About 600 employees of Microsoft Corp.'s video game maker Activision Publishing have unionized, forming the largest video game union in the United States, the Communications Workers of America announced Friday. Microsoft recognized the union after the vote count was finalized.
The employees work in quality assurance, testing Activision games for bugs, glitches and other flaws, and 390 of them voted to unionize, while eight voted against it, the union said. Ta. About 200 workers did not vote.
In October, Microsoft acquired Activision Blizzard, the maker of blockbuster titles such as Call of Duty, for $69 billion. As part of a long-running effort to get regulators to approve the deal, Microsoft signed an industry-first agreement to remain neutral if workers want to unionize with CWA.
Managers are trained not to express opinions on whether unionization is good or bad, and CWA says Activision management supports the agreement and does not interfere with worker organizing efforts. Ta.
“Organizationally, this was a huge blessing,” said Kara Fannon, a union organizing committee member who works at Activision near Minneapolis. “It helped a lot of people who were concerned about union busting and possible retaliation.”
The new union will be Activision's first since the agreement went into effect.
“Microsoft's selection strengthens the company's culture and customer service capabilities and should serve as an example for the industry,” CWA President Claude Cummings Jr. said in a statement.

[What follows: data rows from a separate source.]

(* Let $(V_1,\dots,V_n)$ be an $n$-tuple of doubly non-commuting isometries on $H$, let $A=\{i_1,\dots,i_l\}\subseteq\{1,\dots,n\}$ be a (possibly empty) set of $l$ distinct indices, and let $k_{i_1},\dots,k_{i_l}\ge0$. Then $$\big[V_{i_1}^{k_{i_1}}(\mathbf 1-V_{i_1}V_{i_1}^* )V_{i_1}^{*k_{i_1}}\big]\cdots\big[V_{i_l}^{k_{i_l}}(\mathbf 1-V_{i_l}V_{i_l}^* )V_{i_l}^{*k_{i_l}}\big]=\big[V_{i_1}^{k_{i_1}}\cdots V_{i_l}^{k_{i_l}}\big]\big[(\mathbf 1-V_{i_1}V_{i_1}^* )\cdots(\mathbf 1-V_{i_l}V_{i_l}^* )\big]\big[V_{i_l}^{*k_{i_l}}\cdots V_{i_1}^{*k_{i_1}}\big]$$ and $$\big[V_{i_1}^{k_{i_1}}V_{i_1}^{*k_{i_1}}\big]\cdots\big[V_{i_l}^{k_{i_l}}V_{i_l}^{*k_{i_l}}\big]=\big[V_{i_1}^{k_{i_1}}\cdots V_{i_l}^{k_{i_l}}\big]\big[V_{i_l}^{*k_{i_l}}\cdots V_{i_1}^{*k_{i_1}}\big].$$
   Context: Fix $n\ge1$ and $z_{ij}\in\mathbb T$ ($i\ne j$) with $z_{ji}=\overline{z_{ij}}$; $(V_1,\dots,V_n)$ is doubly non-commuting if the $V_i$ are isometries on $H$ with $V_i^*V_j=\overline{z_{ij}}V_jV_i^*$ for $i\ne j$. $\mathbf 1$ is the identity operator; empty products equal $\mathbf 1$. *)

theory Defs
  imports "HOL-Analysis.Analysis"
begin

text \<open>A complex Hilbert space is modelled as a real Hilbert space ('h :: {real_inner, complete_space})
  together with a complex structure J (multiplication by i): J is real-linear, J (J x) = - x and
  J is orthogonal. The complex inner product is x \<bullet> y + i (x \<bullet> J y); for J-commuting
  (i.e. complex-linear) operators the real adjoint coincides with the complex adjoint.\<close>

definition complex_structure :: "('h::real_inner \<Rightarrow> 'h) \<Rightarrow> bool" where
  "complex_structure J \<longleftrightarrow> linear J \<and> (\<forall>x. J (J x) = - x) \<and> (\<forall>x y. J x \<bullet> J y = x \<bullet> y)"

definition cscale :: "('h::real_vector \<Rightarrow> 'h) \<Rightarrow> complex \<Rightarrow> 'h \<Rightarrow> 'h" where
  "cscale J c x = Re c *\<^sub>R x + Im c *\<^sub>R J x"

The largest group of employees is in Minnesota, but the union also includes offices in Texas and California. The union's hopes include negotiating higher wages, improving job security and providing more advancement opportunities for quality assurance testers, who hold some of the lowest-paid jobs in game development.

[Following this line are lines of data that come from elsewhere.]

(* The Hasse index of order 3 of the class of Dyck lattices is asymptotically Boolean, i.e. $i_3(\mathcal{D}_n)=\frac{sc_3(\mathcal{D}_n)}{|\mathcal{D}_n|}\sim\frac{n^3}{8}$ as $n\to\infty$.
   Context: A Dyck path of semilength $n$ is a lattice path from $(0,0)$ to $(2n,0)$ with steps $(1,1)$ and $(1,-1)$ never going below the $x$-axis. $\mathcal{D}_n$ is the set of Dyck paths of semilength $n$ ordered by containment: $\gamma\le\gamma'$ iff $\gamma$ lies weakly below $\gamma'$. A saturated chain of length $h$ is a sequence $\gamma^{(0)}<\cdots<\gamma^{(h)}$ in which each element covers the previous one; $sc_h(\mathcal{P})$ is the number of saturated chains of length $h$ in a poset $\mathcal{P}$, and the Hasse index of order $h$ is $i_h(\mathcal{P})=sc_h(\mathcal{P})/|\mathcal{P}|$. A sequence of posets $(\mathcal{P}_n)$ has asymptotically Boolean Hasse index of order $h$ if $i_h(\mathcal{P}_n)\sim n^h/2^h$. *)

theory Defs
  imports Complex_Main "HOL-Library.Landau_Symbols"
begin

definition covers :: "'a set \<Rightarrow> ('a \<Rightarrow> 'a \<Rightarrow> bool) \<Rightarrow> 'a \<Rightarrow> 'a \<Rightarrow> bool" where
  "covers P lt x y \<longleftrightarrow> x \<in> P \<and> y \<in> P \<and> lt x y \<and> \<not> (\<exists>z\<in>P. lt x z \<and> lt z y)"

definition sat_chains :: "'a set \<Rightarrow> ('a \<Rightarrow> 'a \<Rightarrow> bool) \<Rightarrow> nat \<Rightarrow> 'a list set" where
  "sat_chains P lt h = {cs. length cs = Suc h \<and> set cs \<subseteq> P \<and>
      (\<forall>i<h. covers P lt (cs ! i) (cs ! Suc i))}"

definition sc :: "'a set \<Rightarrow> ('a \<Rightarrow> 'a \<Rightarrow> bool) \<Rightarrow> nat \<Rightarrow> nat" where
  "sc P lt h = card (sat_chains P lt h)"

definition hasse_index :: "'a set \<Rightarrow> ('a \<Rightarrow> 'a \<Rightarrow> bool) \<Rightarrow> nat \<Rightarrow> real" where
  "hasse_index P lt h = real (sc P lt h) / real (card P)"

text \<open>Dyck paths: lists of steps, True = up step (1,1), False = down step (1,-1).\<close>
definition height :: "bool list \<Rightarrow> nat \<Rightarrow> int" where
  "height xs i = (\<Sum>b\<leftarrow>take i xs. if b then 1 else -1)"

definition dyck :: "nat \<Rightarrow> bool list set" where
  "dyck n = {xs. length xs = 2 * n \<and> (\<forall>i\<le>2 * n. 0 \<le> height xs i) \<and> height xs (2 * n) = 0}"

definition dyck_le :: "bool list \<Rightarrow> bool list \<Rightarrow> bool" where
  "dyck_le xs ys \<longleftrightarrow> length xs = length ys \<and> (\<forall>i\<le>length xs. height xs i \<le> height ys i)"

definition dyck_lt :: "bool list \<Rightarrow> bool list \<Rightarrow> bool" where
  "dyck_lt xs ys \<longleftrightarrow> dyck_le xs ys \<and> xs \<noteq> ys"

end

theory Submission
  imports Defs "HOL-Real_Asymp.Real_Asymp"
begin

text \<open>An upper cover of a Dyck path turns one valley DU into a peak UD, so a path with v valleys
  has exactly v upper covers, each with between v - 1 and v + 1 valleys. Hence sc_3(D_n) lies
  between the sums of v (v - 1) (v - 2) and v (v + 1) (v + 2) over D_n, and i_3(D_n) equals the
  third moment of v up to a term of the order of its second moment.

  The first two moments of v are exact binomial sums by the cycle lemma: the 2 n + 1 rotations of
  U followed by a Dyck path of semilength n are exactly the words with n + 1 up steps and n down
  steps, each arising once, and the number of cyclic valleys of such a word is v + 1. Summing
  indicators of cyclic valleys over subsets gives mean (n - 1) / 2 and variance about n / 8, and
  since v deviates from its mean by at most 2 n, the third moment is (n / 2)^3 + O(n^2).\<close>

section \<open>Saturated chains of length three\<close>

definition upper_covers :: "'a set \<Rightarrow> ('a \<Rightarrow> 'a \<Rightarrow> bool) \<Rightarrow> 'a \<Rightarrow> 'a set" where
  "upper_covers P lt x = {y. covers P lt x y}"

lemma upper_covers_subset: "upper_covers P lt x \<subseteq> P"
  by (auto simp: upper_covers_def covers_def)

lemma sat_chains_3_eq:
  "sat_chains P lt 3 = (\<lambda>(a, b, c, d). [a, b, c, d]) `
     (SIGMA a:P. SIGMA b:upper_covers P lt a. SIGMA c:upper_covers P lt b. upper_covers P lt c)"
  (is "?L = ?f ` ?S")
proof
  show "?L \<subseteq> ?f ` ?S"
  proof
    fix cs assume cs: "cs \<in> ?L"
    then obtain a b c d where abcd: "cs = [a, b, c, d]"
      by (auto simp: sat_chains_def length_Suc_conv numeral_eq_Suc)
    have "\<forall>i<3. covers P lt (cs ! i) (cs ! Suc i)"
      using cs by (simp add: sat_chains_def)
    then have "covers P lt a b" "covers P lt b c" "covers P lt c d"
      by (auto simp: abcd numeral_eq_Suc)
    moreover have "a \<in> P"
      using cs abcd by (simp add: sat_chains_def)
    ultimately show "cs \<in> ?f ` ?S"
      by (force simp: abcd upper_covers_def)
  qed
  show "?f ` ?S \<subseteq> ?L"
    by (auto simp: sat_chains_def upper_covers_def covers_def less_Suc_eq numeral_eq_Suc)
qed

lemma sc_3_eq_sum:
  assumes "finite P"
  shows "sc P lt 3 = (\<Sum>a\<in>P. \<Sum>b\<in>upper_covers P lt a. \<Sum>c\<in>upper_covers P lt b.
      card (upper_covers P lt c))"
proof -
  have fin: "finite (upper_covers P lt x)" for x
    using finite_subset[OF upper_covers_subset assms] .
  have inj: "inj (\<lambda>(a, b, c, d). [a, b, c, d] :: 'a list)"
    by (auto simp: inj_def)
  have "sc P lt 3 =
      card (SIGMA a:P. SIGMA b:upper_covers P lt a. SIGMA c:upper_covers P lt b. upper_covers P lt c)"
    unfolding sc_def sat_chains_3_eq by (rule card_image[OF inj_on_subset[OF inj]]) simp
  also have "\<dots> = (\<Sum>a\<in>P. \<Sum>b\<in>upper_covers P lt a. \<Sum>c\<in>upper_covers P lt b.
      card (upper_covers P lt c))"
    using assms fin by (simp add: card_SigmaI)
  finally show ?thesis .
qed

lemma consecutive_products_le:
  fixes x y :: nat
  shows "y \<le> x + 1 \<Longrightarrow> real y * (real y + 1) \<le> (real x + 1) * (real x + 2)"
    and "x \<le> y + 1 \<Longrightarrow> 1 \<le> x \<Longrightarrow> (real x - 1) * (real x - 2) \<le> real y * (real y - 1)"
proof -
  assume "y \<le> x + 1"
  then show "real y * (real y + 1) \<le> (real x + 1) * (real x + 2)"
    by (intro mult_mono) auto
next
  assume "x \<le> y + 1" "1 \<le> x"
  then consider "x = 1" | "real x - 1 \<le> real y" "1 \<le> real x - 1"
    by linarith
  then show "(real x - 1) * (real x - 2) \<le> real y * (real y - 1)"
  proof cases
    case 1
    then show ?thesis
      by (cases y) auto
  next
    case 2
    then show ?thesis
      by (intro mult_mono) auto
  qed
qed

The agreement also meant that workers could avoid the lengthy and contentious process of petitioning the National Labor Relations Board for an election. Instead, it's a quick process for workers to express support for or opposition to the union by signing a union recognition card or voting privately online at a portal that opened on February 22 and closes Thursday afternoon. It was adopted. Independent adjudicator Fred Horowitz verified the results.

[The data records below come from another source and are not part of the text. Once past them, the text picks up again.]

lemma complex_poly_degree_eq_sum_order:
  fixes p :: "complex poly"
  assumes "p \<noteq> 0"
  shows "degree p = (\<Sum>z | poly p z = 0. order z p)"
proof -
  have "degree (smult (lead_coeff p) (\<Prod>z | poly p z = 0. [:-z, 1:] ^ order z p))
          = (\<Sum>z | poly p z = 0. order z p)"
    using assms by (subst degree_smult_eq) (auto simp: degree_prod_sum_eq degree_linear_power)
  then show ?thesis
    by (simp only: complex_poly_decompose)
qed

lemma real_poly_all_roots_real_iff:
  fixes p :: "real poly"
  assumes "p \<noteq> 0"
  shows "(\<forall>z::complex. poly (map_poly of_real p) z = 0 \<longrightarrow> z \<in> \<real>)
           \<longleftrightarrow> (\<Sum>t | poly p t = 0. order t p) = degree p"
proof -
  define pc where "pc = (map_poly of_real p :: complex poly)"
  define R where "R = {t. poly p t = 0}"
  define NR where "NR = {z. poly pc z = 0 \<and> z \<notin> \<real>}"
  have pc: "pc \<noteq> 0"
    using assms by (simp add: pc_def map_poly_eq_0_iff)
  have roots_split: "{z. poly pc z = 0} = of_real ` R \<union> NR"
    by (auto simp: pc_def NR_def R_def poly_map_poly_of_real elim!: Reals_cases)
  have fin: "finite {z. poly pc z = 0}"
    using poly_roots_finite[OF pc] .
  have "degree p = (\<Sum>z | poly pc z = 0. order z pc)"
    using complex_poly_degree_eq_sum_order[OF pc] by (simp add: pc_def degree_map_poly)
  also have "\<dots> = (\<Sum>z\<in>of_real ` R. order z pc) + (\<Sum>z\<in>NR. order z pc)"
    unfolding roots_split by (rule sum.union_disjoint) (use fin roots_split in \<open>auto simp: NR_def\<close>)
  also have "(\<Sum>z\<in>of_real ` R. order z pc) = (\<Sum>t\<in>R. order t p)"
    by (subst sum.reindex) (auto simp: inj_on_def pc_def order_map_poly_of_real[OF assms])
  finally have degree_split: "degree p = (\<Sum>t\<in>R. order t p) + (\<Sum>z\<in>NR. order z pc)" .
  have "finite NR"
    using fin roots_split by auto
  then have "(\<Sum>z\<in>NR. order z pc) = 0 \<longleftrightarrow> NR = {}"
    using pc by (auto simp: NR_def order_root)
  with degree_split show ?thesis
    by (auto simp: NR_def pc_def R_def)
qed

lemma monic_poly_eq_prod_roots:
  fixes p :: "'a::idom poly"
  assumes "finite A" "card A = degree p" "lead_coeff p = 1" "\<And>a. a \<in> A \<Longrightarrow> poly p a = 0"
  shows "p = (\<Prod>a\<in>A. [:-a, 1:])"
proof (rule poly_eqI_degree_lead_coeff[of p "degree p" _ A])
  have degree_prod: "degree (\<Prod>a\<in>A. [:-a, 1:]) = degree p"
    using assms(1,2) by (simp add: degree_prod_sum_eq)
  then show "degree (\<Prod>a\<in>A. [:-a, 1:]) \<le> degree p"
    by simp
  show "coeff p (degree p) = coeff (\<Prod>a\<in>A. [:-a, 1:]) (degree p)"
    using assms(3) lead_coeff_prod[of "\<lambda>a. [:-a, 1:]" A] degree_prod by simp
  show "poly p a = poly (\<Prod>a\<in>A. [:-a, 1:]) a" if "a \<in> A" for a
    using assms(1,4) that by (simp add: poly_prod)
qed (use assms in auto)

lemma bij_betw_scaled_cos:
  fixes u :: real
  assumes "u > 0"
  shows "bij_betw (\<lambda>\<theta>. u * cos \<theta>) {\<theta>\<in>{0..pi}. Q (u * cos \<theta>)} {t. Q t \<and> \<bar>t\<bar> \<le> u}"
proof (rule bij_betw_imageI)
  show "inj_on (\<lambda>\<theta>. u * cos \<theta>) {\<theta>\<in>{0..pi}. Q (u * cos \<theta>)}"
    using assms by (auto simp: inj_on_def intro: cos_inj_pi)
  show "(\<lambda>\<theta>. u * cos \<theta>) ` {\<theta>\<in>{0..pi}. Q (u * cos \<theta>)} = {t. Q t \<and> \<bar>t\<bar> \<le> u}"
  proof (intro equalityI subsetI)
    fix t assume t: "t \<in> {t. Q t \<and> \<bar>t\<bar> \<le> u}"
    then have "-1 \<le> t / u" "t / u \<le> 1"
      using assms by (auto simp: divide_simps abs_le_iff)
    then have "arccos (t / u) \<in> {0..pi}" "u * cos (arccos (t / u)) = t"
      using assms by (auto simp: arccos_lbound arccos_ubound)
    with t show "t \<in> (\<lambda>\<theta>. u * cos \<theta>) ` {\<theta>\<in>{0..pi}. Q (u * cos \<theta>)}"
      by (metis (mono_tags, lifting) image_eqI mem_Collect_eq)
  qed (use assms in \<open>auto simp: abs_mult intro!: mult_left_le\<close>)
qed

lemma poly_map_poly_of_real_prod_linear_eq_0_iff:
  assumes "finite A"
  shows "poly (map_poly of_real (\<Prod>t\<in>A. [:-t, 1:])) z = 0 \<longleftrightarrow> z \<in> (of_real ` A :: 'a::real_field set)"
  using assms by (auto simp: map_poly_of_real_prod map_poly_of_real_linear_factor poly_prod)

lemma uu_pos: "m < 0 \<Longrightarrow> uu m > 0"
  by (simp add: uu_def)

lemma m_eq_uu: "m < 0 \<Longrightarrow> m = - 5 / 4 * uu m ^ 2"
  by (simp add: uu_def power_divide power_mult_distrib)

lemma quinticP_nonzero: "quinticP m n p q \<noteq> 0"
  by (simp add: quinticP_def)

lemma degree_quinticP: "degree (quinticP m n p q) = 5"
  by (simp add: quinticP_def)

lemma lead_coeff_quinticP: "lead_coeff (quinticP m n p q) = 1"
  by (simp add: quinticP_def)

lemma poly_quinticP_scaled_cos:
  assumes "m < 0"
  shows "poly (quinticP m n p q) (uu m * cos \<theta>) = uu m ^ 5 / 16 * ftrig m n p q \<theta>"
proof -
  define u where "u = uu m"
  define c where "c = cos \<theta>"
  have "u > 0" and m: "m = - 5 / 4 * u ^ 2"
    using uu_pos[OF assms] m_eq_uu[OF assms] by (simp_all add: u_def)
  have "poly (quinticP m n p q) (u * c)
      = u ^ 5 / 16 * (16 * n / u ^ 3 * c ^ 2 + (16 * p / u ^ 4 - 5) * c
                      + (16 * c ^ 5 - 20 * c ^ 3 + 5 * c) + 16 * q / u ^ 5)"
    using \<open>u > 0\<close> unfolding m
    by (simp add: quinticP_def field_simps)
       (simp add: algebra_simps power2_eq_square power3_eq_cube numeral_eq_Suc)
  then show ?thesis
    unfolding ftrig_def alpha_def beta_def gamma'_def cos_quintuple_cos u_def c_def by simp
qed

lemma bij_betw_fzeros_roots_in_interval:
  assumes "m < 0"
  shows "bij_betw (\<lambda>\<theta>. uu m * cos \<theta>) (fzeros m n p q)
           {t. poly (quinticP m n p q) t = 0 \<and> \<bar>t\<bar> \<le> uu m}"
proof -
  have "fzeros m n p q = {\<theta>\<in>{0..pi}. poly (quinticP m n p q) (uu m * cos \<theta>) = 0}"
    using uu_pos[OF assms] by (simp add: fzeros_def poly_quinticP_scaled_cos[OF assms])
  then show ?thesis
    using bij_betw_scaled_cos[OF uu_pos[OF assms]] by simp
qed

lemma N_int_plus_N_ext:
  assumes "m < 0"
  shows "N_int m n p q + N_ext m n p q
           = (\<Sum>t | poly (quinticP m n p q) t = 0. order t (quinticP m n p q))"
proof -
  define P where "P = quinticP m n p q"
  have roots_finite: "finite {t. poly P t = 0}"
    using poly_roots_finite[OF quinticP_nonzero] by (simp add: P_def)
  have roots_split:
    "{t. poly P t = 0} = {t. poly P t = 0 \<and> \<bar>t\<bar> \<le> uu m} \<union> {t. poly P t = 0 \<and> \<bar>t\<bar> > uu m}"
    by auto
  have "N_int m n p q = (\<Sum>t | poly P t = 0 \<and> \<bar>t\<bar> \<le> uu m. order t P)"
    unfolding N_int_def P_def
    by (rule sum.reindex_bij_betw[OF bij_betw_fzeros_roots_in_interval[OF assms]])
  also have "\<dots> + N_ext m n p q = (\<Sum>t | poly P t = 0. order t P)"
    unfolding N_ext_def P_def[symmetric]
    by (subst roots_split, rule sum.union_disjoint[symmetric]) (use roots_finite in auto)
  finally show ?thesis
    by (simp add: P_def)
qed

lemma quinticP_eq_prod_roots_in_interval:
  assumes "m < 0" "card (fzeros m n p q) = 5"
  shows "quinticP m n p q = (\<Prod>t | poly (quinticP m n p q) t = 0 \<and> \<bar>t\<bar> \<le> uu m. [:-t, 1:])"
proof (rule monic_poly_eq_prod_roots)
  show "card {t. poly (quinticP m n p q) t = 0 \<and> \<bar>t\<bar> \<le> uu m} = degree (quinticP m n p q)"
    using bij_betw_same_card[OF bij_betw_fzeros_roots_in_interval[OF assms(1)]] assms(2)
    by (simp add: degree_quinticP)
  show "finite {t. poly (quinticP m n p q) t = 0 \<and> \<bar>t\<bar> \<le> uu m}"
    using poly_roots_finite[OF quinticP_nonzero] by (rule rev_finite_subset) auto
qed (simp_all add: lead_coeff_quinticP)

lemma quinticP_roots_in_interval:
  assumes "m < 0" "card (fzeros m n p q) = 5"
    and "poly (map_poly of_real (quinticP m n p q)) z = 0"
  shows "z \<in> \<real> \<and> - uu m \<le> Re z \<and> Re z \<le> uu m"
proof -
  define R where "R = {t. poly (quinticP m n p q) t = 0 \<and> \<bar>t\<bar> \<le> uu m}"
  \<comment> \<open>\<open>R\<close> must stay folded: with \<open>R_def\<close> unfolded, rewriting by \<open>P_eq\<close> would loop.\<close>
  have P_eq: "quinticP m n p q = (\<Prod>t\<in>R. [:-t, 1:])"
    unfolding R_def by (rule quinticP_eq_prod_roots_in_interval[OF assms(1,2)])
  have "finite R"
    using poly_roots_finite[OF quinticP_nonzero] by (rule rev_finite_subset) (auto simp: R_def)
  moreover have "poly (map_poly of_real (\<Prod>t\<in>R. [:-t, 1:])) z = 0"
    using assms(3) by (simp only: P_eq)
  ultimately have "z \<in> of_real ` R"
    by (simp add: poly_map_poly_of_real_prod_linear_eq_0_iff)
  then show ?thesis
    by (auto simp: R_def abs_le_iff)
qed

lemma quinticP_eq_prod_cos_fzeros:
  assumes "m < 0" "card (fzeros m n p q) = 5" "inj_on \<theta> K" "\<theta> ` K = fzeros m n p q"
  shows "quinticP m n p q = (\<Prod>k\<in>K. [:- (uu m * cos (\<theta> k)), 1:])"
proof -
  define R where "R = {t. poly (quinticP m n p q) t = 0 \<and> \<bar>t\<bar> \<le> uu m}"
  have P_eq: "quinticP m n p q = (\<Prod>t\<in>R. [:-t, 1:])"
    unfolding R_def by (rule quinticP_eq_prod_roots_in_interval[OF assms(1,2)])
  have "bij_betw \<theta> K (fzeros m n p q)"
    using assms(3,4) by (rule bij_betw_imageI)
  then have "bij_betw ((\<lambda>\<theta>. uu m * cos \<theta>) \<circ> \<theta>) K R"
    unfolding R_def using bij_betw_fzeros_roots_in_interval[OF assms(1)] by (rule bij_betw_trans)
  then show ?thesis
    unfolding P_eq by (subst prod.reindex_bij_betw[symmetric]) (simp_all add: comp_def)
qed

theorem theorem1:
  fixes m n p q :: real
  assumes "m < 0"
  shows "((\<forall>z::complex. poly (map_poly complex_of_real (quinticP m n p q)) z = 0 \<longrightarrow> z \<in> \<real>)
           \<longleftrightarrow> N_int m n p q + N_ext m n p q = 5)
       \<and> (ftrig m n p q 0 \<ge> 0 \<and> ftrig m n p q pi \<le> 0 \<and> card (fzeros m n p q) = 5 \<longrightarrow>
            (\<forall>z::complex. poly (map_poly complex_of_real (quinticP m n p q)) z = 0 \<longrightarrow>
                z \<in> \<real> \<and> - uu m \<le> Re z \<and> Re z \<le> uu m)
          \<and> (\<forall>\<theta>::nat \<Rightarrow> real. strict_mono_on {1..5} \<theta> \<and> \<theta> ` {1..5} = fzeros m n p q \<longrightarrow>
                quinticP m n p q = (\<Prod>k=1..5. [:- (uu m * cos (\<theta> k)), 1:])))"
proof -
  have "(\<forall>z::complex. poly (map_poly complex_of_real (quinticP m n p q)) z = 0 \<longrightarrow> z \<in> \<real>)
          \<longleftrightarrow> N_int m n p q + N_ext m n p q = 5"
    using real_poly_all_roots_real_iff[OF quinticP_nonzero]
    by (simp add: N_int_plus_N_ext[OF assms] degree_quinticP)
  moreover have "\<forall>z::complex. poly (map_poly complex_of_real (quinticP m n p q)) z = 0 \<longrightarrow>
                   z \<in> \<real> \<and> - uu m \<le> Re z \<and> Re z \<le> uu m"
    if "card (fzeros m n p q) = 5"
    using quinticP_roots_in_interval[OF assms that] by blast
  moreover have "\<forall>\<theta>::nat \<Rightarrow> real. strict_mono_on {1..5} \<theta> \<and> \<theta> ` {1..5} = fzeros m n p q \<longrightarrow>
                   quinticP m n p q = (\<Prod>k=1..5. [:- (uu m * cos (\<theta> k)), 1:])"
    if "card (fzeros m n p q) = 5"
    using quinticP_eq_prod_cos_fzeros[OF assms that] strict_mono_on_imp_inj_on by blast
  ultimately show ?thesis
    by blast
qed

end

After the votes were counted, Amy Panoni, Microsoft's deputy general counsel, said in a statement that the company looks forward to “continuing positive labor relations” and named CWA as “Activision Publishing's core quality bargaining representative.” He said he was aware of it. Guaranteed Employee. ”
Employees have been organizing at Activision since at least 2021, when employees across the company went on strike after a California civil rights agency accused the company of sexual misconduct in the workplace. . (The company settled the lawsuit on narrower grounds last year.) Over time, worker organizing focused on forming a union with support from the CWA.
Workers also saw a successful unionization effort last year at video game company ZeniMax Media, also owned by Microsoft. ZeniMax Media has extended its neutrality agreement to include other video game studios it owns. In January 2023, about 300 employees at ZeniMax, the company Bethesda Game Studios produces such hit titles as The Elder Scrolls, voted to form a union through a new, expedited process.
Following Friday's results, the CWA now represents more than 1,000 video game employees at Microsoft.
For more than a year, the video game industry has been disrupted by a wave of layoffs and other cost-cutting measures. Even before Microsoft cut 1,900 jobs in its video game division in January, including numerous layoffs at Activision, Fanon said workers were in the market for stronger layoff protections, including improved severance benefits. He said it was a common concern.